Location
- 5480 Main St. Kelseyville, California 95451 United States
- Coordinates: 38°58′28″N 122°49′49″W﻿ / ﻿38.974547°N 122.830327°W

Information
- School type: Public
- Established: 1921
- School district: Kelseyville Unified School District (KVUSD)
- CEEB code: 051-290
- Principal: Mike Jones
- Teaching staff: 28.01 (FTE)
- Grades: 9 – 12
- Student to teacher ratio: 19.78
- Hours in school day: 8:15am – 3:22pm (374 minutes)
- Athletics conference: North Central League 1, Coastal Mountain Conference
- Team name: Knights
- Accreditation: Western Association of Schools and Colleges (WASC)
- Website: Kelseyville High website

= Kelseyville High School =

Kelseyville High School is an American public high school located in Kelseyville, in Lake County, California. Kelseyville High serves grades 9-12 and is the only source of secondary education in the Kelseyville Unified School District (KVUSD).

==History==
In 1923, Kelseyville Union School District supervisors voted to submit to district taxpayers a measure to finance the land acquisition and construction of Kelseyville Union High School. The proposition passed, and the construction of a $40,000 building with six classrooms and laboratories began in fall of 1924, near the site of Kelseyville Academy, a cross-shaped building that hosted students between 1886 and 1890.

In November 1929, a fire destroyed Kelseyville Union High School, prompting rumors of arson, as several other structures had also recently burned in the region. Classes were moved to former churches until the new school building was erected in the fall of 1930.

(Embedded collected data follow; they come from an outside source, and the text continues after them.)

definition simple_graph :: "'a set \<Rightarrow> ('a \<Rightarrow> 'a \<Rightarrow> bool) \<Rightarrow> bool" where
  "simple_graph V E \<longleftrightarrow> finite V \<and>
     (\<forall>x y. E x y \<longrightarrow> x \<in> V \<and> y \<in> V \<and> x \<noteq> y \<and> E y x)"

definition nbhd :: "'a set \<Rightarrow> ('a \<Rightarrow> 'a \<Rightarrow> bool) \<Rightarrow> 'a \<Rightarrow> 'a set" where
  "nbhd V E x = {y \<in> V. E x y}"

definition regular :: "'a set \<Rightarrow> ('a \<Rightarrow> 'a \<Rightarrow> bool) \<Rightarrow> nat \<Rightarrow> bool" where
  "regular V E r \<longleftrightarrow> (\<forall>x\<in>V. card (nbhd V E x) = r)"

text \<open>Weight of x under labelling f with values in the (commutative) group A;
the group operation of A plays the role of the additive operation.\<close>
definition weight :: "('g, 'c) monoid_scheme \<Rightarrow> 'a set \<Rightarrow> ('a \<Rightarrow> 'a \<Rightarrow> bool) \<Rightarrow> ('a \<Rightarrow> 'g) \<Rightarrow> 'a \<Rightarrow> 'g" where
  "weight A V E f x = finprod A f (nbhd V E x)"

definition distance_antimagic_labelling ::
  "('g, 'c) monoid_scheme \<Rightarrow> 'a set \<Rightarrow> ('a \<Rightarrow> 'a \<Rightarrow> bool) \<Rightarrow> ('a \<Rightarrow> 'g) \<Rightarrow> bool" where
  "distance_antimagic_labelling A V E f \<longleftrightarrow>
     bij_betw f V (carrier A) \<and> inj_on (weight A V E f) V"

definition distance_magic_labelling ::
  "('g, 'c) monoid_scheme \<Rightarrow> 'a set \<Rightarrow> ('a \<Rightarrow> 'a \<Rightarrow> bool) \<Rightarrow> ('a \<Rightarrow> 'g) \<Rightarrow> bool" where
  "distance_magic_labelling A V E f \<longleftrightarrow>
     bij_betw f V (carrier A) \<and> (\<forall>x\<in>V. \<forall>y\<in>V. weight A V E f x = weight A V E f y)"

definition distance_antimagic :: "('g, 'c) monoid_scheme \<Rightarrow> 'a set \<Rightarrow> ('a \<Rightarrow> 'a \<Rightarrow> bool) \<Rightarrow> bool" where
  "distance_antimagic A V E \<longleftrightarrow> (\<exists>f. distance_antimagic_labelling A V E f)"

definition distance_magic :: "('g, 'c) monoid_scheme \<Rightarrow> 'a set \<Rightarrow> ('a \<Rightarrow> 'a \<Rightarrow> bool) \<Rightarrow> bool" where
  "distance_magic A V E \<longleftrightarrow> (\<exists>f. distance_magic_labelling A V E f)"

definition balanced_labelling ::
  "('g, 'c) monoid_scheme \<Rightarrow> 'a set \<Rightarrow> ('a \<Rightarrow> 'a \<Rightarrow> bool) \<Rightarrow> nat \<Rightarrow> ('a \<Rightarrow> 'g) \<Rightarrow> bool" where
  "balanced_labelling A V E r f \<longleftrightarrow>
     bij_betw f V (carrier A) \<and> (\<forall>x\<in>V. weight A V E f x = f x [^]\<^bsub>A\<^esub> r)"

definition group_exponent :: "('g, 'c) monoid_scheme \<Rightarrow> nat" where
  "group_exponent A = (LEAST m. 0 < m \<and> (\<forall>x\<in>carrier A. x [^]\<^bsub>A\<^esub> m = \<one>\<^bsub>A\<^esub>))"

definition cart_V :: "'i set \<Rightarrow> ('i \<Rightarrow> 'a set) \<Rightarrow> ('i \<Rightarrow> 'a) set" where
  "cart_V K V = PiE K V"

definition cart_E :: "'i set \<Rightarrow> ('i \<Rightarrow> 'a \<Rightarrow> 'a \<Rightarrow> bool) \<Rightarrow> ('i \<Rightarrow> 'a) \<Rightarrow> ('i \<Rightarrow> 'a) \<Rightarrow> bool" where
  "cart_E K E x y \<longleftrightarrow>
     (\<exists>i\<in>K. E i (x i) (y i) \<and> (\<forall>j. j \<noteq> i \<longrightarrow> x j = y j))"

end

theory Submission
  imports Defs "HOL-Number_Theory.Cong"
begin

The school was expanded in 1954, and in 1957 a bond was put up for a vote to finance the construction of a new gymnasium, which was completed in early 1959.

In January 2019, improvements were made to existing buildings and a shop building was added, financed through a bond measure passed in 2016.

===Mascot===
The school adopted the Indians as their team's mascot in the 1940s. In 2006, the Kelseyville Unified School District agreed to drop the name, deemed offensive by some Native American and community members (Mountain Vista Middle School's mascot, the Braves, was also abandoned). Kelseyville High adopted the Knights as their new teams' name two months later.
In 2008, the school board approved a motion to turn down a return to the Indian mascot brought about by a petition.

==Academics==
For the 2022-2023 school year, Kelseyville High School's cohort dropout rate was 5.8%, and the graduation rate was 90.9%.

The only Advanced Placement course offered is in mathematics. The school contracts with Advancement Via Individual Determination to offer an elective class to prepare students for college. It has an agriculture mechanics program, working with the Kelseyville FFA Chapter and providing University of California-approved A-G classes. The school also offers vocational education pathways for agricultural science; cabinetry, millwork and woodworking; design, visual and media arts; as well as hospitality.

==Demographics==

In addition, California Department of Education reported the following demographic percentages of students for the 20222023 school year.

| Demographic descriptor | Percent of total enrollment |
|---|---|
| English learners | 13.7% |
| Foster youth | 0.6% |
| Homeless | 6.5% |
| Migrant | 4.3% |
| Socioeconomically disadvantaged | 65.6% |
| Students with disabilities | 12% |

Enrollment by race and ethnicity (2022–23)
| Race and ethnicity^{†} | Enrolled pupils | Percentage |
| African American | 3 | 0.56% |
| Asian | 6 | 1.11% |
| Hispanic | 247 | 45.74% |
| Native American | 0 | 0% |
| White | 228 | 42.22% |
| Native Hawaiian, Pacific islander | 0 | 0% |
| Multi-race | 38 | 7.04% |
| Total | 522 | 97% |
^{†} "Hispanic" includes Hispanics of any race. All other categories refer to non-Hispanics.

Enrollment by gender (2022–23)
| Gender | Enrolled pupils | Percentage |
|---|---|---|
| Female | 255 | 47.22% |
| Male | 280 | 51.85% |
| Non-binary | 5 | 0.93% |
| Total | 540 | 100% |

Enrollment by grade (2022–23)
| Grade | Enrolled pupils | Percentage |
|---|---|---|
| 9 | 148 | 27.41% |
| 10 | 142 | 26.3% |
| 11 | 125 | 23.15% |
| 12 | 125 | 23.15% |
| Ungraded | 0 | 0% |
| Total | 540 | 100% |

== Athletics ==
The Kelseyville Knights compete in the North Central League 1 in the Coastal Mountain Conference.

The school competes in baseball, basketball, cross country, football, golf (coed), soccer, softball, tennis, track and field, wrestling, and girls volleyball.

The school established a mountain biking program in 2011, and Kelseyville High students participate in the Middletown Composite team to compete in the NorCal Interscholastic Cycling League's Division 2 of the Redwood Repack.